*EXERCISE REQUIREMENTS*. An identical copy of every entry below is the required output.

-- MATERIAL SHOWN follows --

(* Let $T=\{0,\dots,N\}$ and $\mathbb{F}$ a field. Let $C_\bullet$, $C'_\bullet$ be filtrations of finite-dimensional chain complexes $C$, $C'$ over $\mathbb{F}$ with filtration compatible ordered bases $\mathfrak{C}=(c_1,\dots,c_n)$, $\mathfrak{C}'=(c'_1,\dots,c'_n)$ and filtration boundary matrices $D$, $D'$. Let $\varphi_\bullet\colon C_\bullet\to C'_\bullet$ be an injective morphism of filtrations of chain complexes with $\varphi=\varphi_N\colon C\to C'$ an isomorphism, $F$ its matrix with respect to $\mathfrak{C},\mathfrak{C}'$, and $D^{\varphi}=DF^{-1}=F^{-1}D'$. Let $V^{\varphi}$ be an invertible upper-triangular matrix such that $R^{\varphi}=D^{\varphi}V^{\varphi}$ is reduced; interpret columns of $R^{\varphi}$ as coordinate vectors with respect to $\mathfrak{C}$ and columns of $V^\varphi$ and of $FR^{\varphi}$ as coordinate vectors (elements of $C'$) with respect to $\mathfrak{C}'$. Then the family $\operatorname{cols}FR^{\varphi}$ of nonzero columns of $FR^{\varphi}$ is a filtration compatible basis for the filtration $B_*(C'_\bullet)$, $t\mapsto\partial(C'_t)$, and for all $j$ with $r^{\varphi}_j\neq 0$, \[ \operatorname{supp}_{B_*(C'_\bullet)}(Fr^{\varphi}_j)=\operatorname{supp}_{C'_\bullet}(v^{\varphi}_j). \]
   Context: A chain complex is a finite-dimensional graded vector space with differential $\partial$ of degree $-1$, $\partial^2=0$; a filtration of chain complexes is a chain of subcomplexes $C_0\subseteq\dots\subseteq C_N=C$. Support: $\operatorname{supp}_{M_\bullet}(m)=\{t\mid m\in M_t\}$. A basis $\mathfrak{M}$ of $M_N$ is filtration compatible if $\mathfrak{M}\cap M_t$ is a basis of $M_t$ for all $t$; an ordered such basis is a filtration compatible ordered basis if $m\le m'$ implies $\operatorname{supp}(m')\subseteq\operatorname{supp}(m)$. The filtration boundary matrix is the matrix of $\partial$ in that basis. For a matrix $X$, $x_j$ is its $j$-th column, $\operatorname{cols}X$ the family of its nonzero columns; $\operatorname{piv}x_j$ is the largest row index of a nonzero entry of a nonzero column; $X$ is reduced if no two nonzero columns have the same pivot. *)

theory Defs
  imports "Jordan_Normal_Form.Matrix"
begin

-- MATERIAL SHOWN concluded --

*YOUR SOLUTION*.
(* Let $T=\{0,\dots,N\}$ and $\mathbb{F}$ a field. Let $C_\bullet$, $C'_\bullet$ be filtrations of finite-dimensional chain complexes $C$, $C'$ over $\mathbb{F}$ with filtration compatible ordered bases $\mathfrak{C}=(c_1,\dots,c_n)$, $\mathfrak{C}'=(c'_1,\dots,c'_n)$ and filtration boundary matrices $D$, $D'$. Let $\varphi_\bullet\colon C_\bullet\to C'_\bullet$ be an injective morphism of filtrations of chain complexes with $\varphi=\varphi_N\colon C\to C'$ an isomorphism, $F$ its matrix with respect to $\mathfrak{C},\mathfrak{C}'$, and $D^{\varphi}=DF^{-1}=F^{-1}D'$. Let $V^{\varphi}$ be an invertible upper-triangular matrix such that $R^{\varphi}=D^{\varphi}V^{\varphi}$ is reduced; interpret columns of $R^{\varphi}$ as coordinate vectors with respect to $\mathfrak{C}$ and columns of $V^\varphi$ and of $FR^{\varphi}$ as coordinate vectors (elements of $C'$) with respect to $\mathfrak{C}'$. Then the family $\operatorname{cols}FR^{\varphi}$ of nonzero columns of $FR^{\varphi}$ is a filtration compatible basis for the filtration $B_*(C'_\bullet)$, $t\mapsto\partial(C'_t)$, and for all $j$ with $r^{\varphi}_j\neq 0$, \[ \operatorname{supp}_{B_*(C'_\bullet)}(Fr^{\varphi}_j)=\operatorname{supp}_{C'_\bullet}(v^{\varphi}_j). \]
   Context: A chain complex is a finite-dimensional graded vector space with differential $\partial$ of degree $-1$, $\partial^2=0$; a filtration of chain complexes is a chain of subcomplexes $C_0\subseteq\dots\subseteq C_N=C$. Support: $\operatorname{supp}_{M_\bullet}(m)=\{t\mid m\in M_t\}$. A basis $\mathfrak{M}$ of $M_N$ is filtration compatible if $\mathfrak{M}\cap M_t$ is a basis of $M_t$ for all $t$; an ordered such basis is a filtration compatible ordered basis if $m\le m'$ implies $\operatorname{supp}(m')\subseteq\operatorname{supp}(m)$. The filtration boundary matrix is the matrix of $\partial$ in that basis. For a matrix $X$, $x_j$ is its $j$-th column, $\operatorname{cols}X$ the family of its nonzero columns; $\operatorname{piv}x_j$ is the largest row index of a nonzero entry of a nonzero column; $X$ is reduced if no two nonzero columns have the same pivot. *)

theory Defs
  imports "Jordan_Normal_Form.Matrix"
begin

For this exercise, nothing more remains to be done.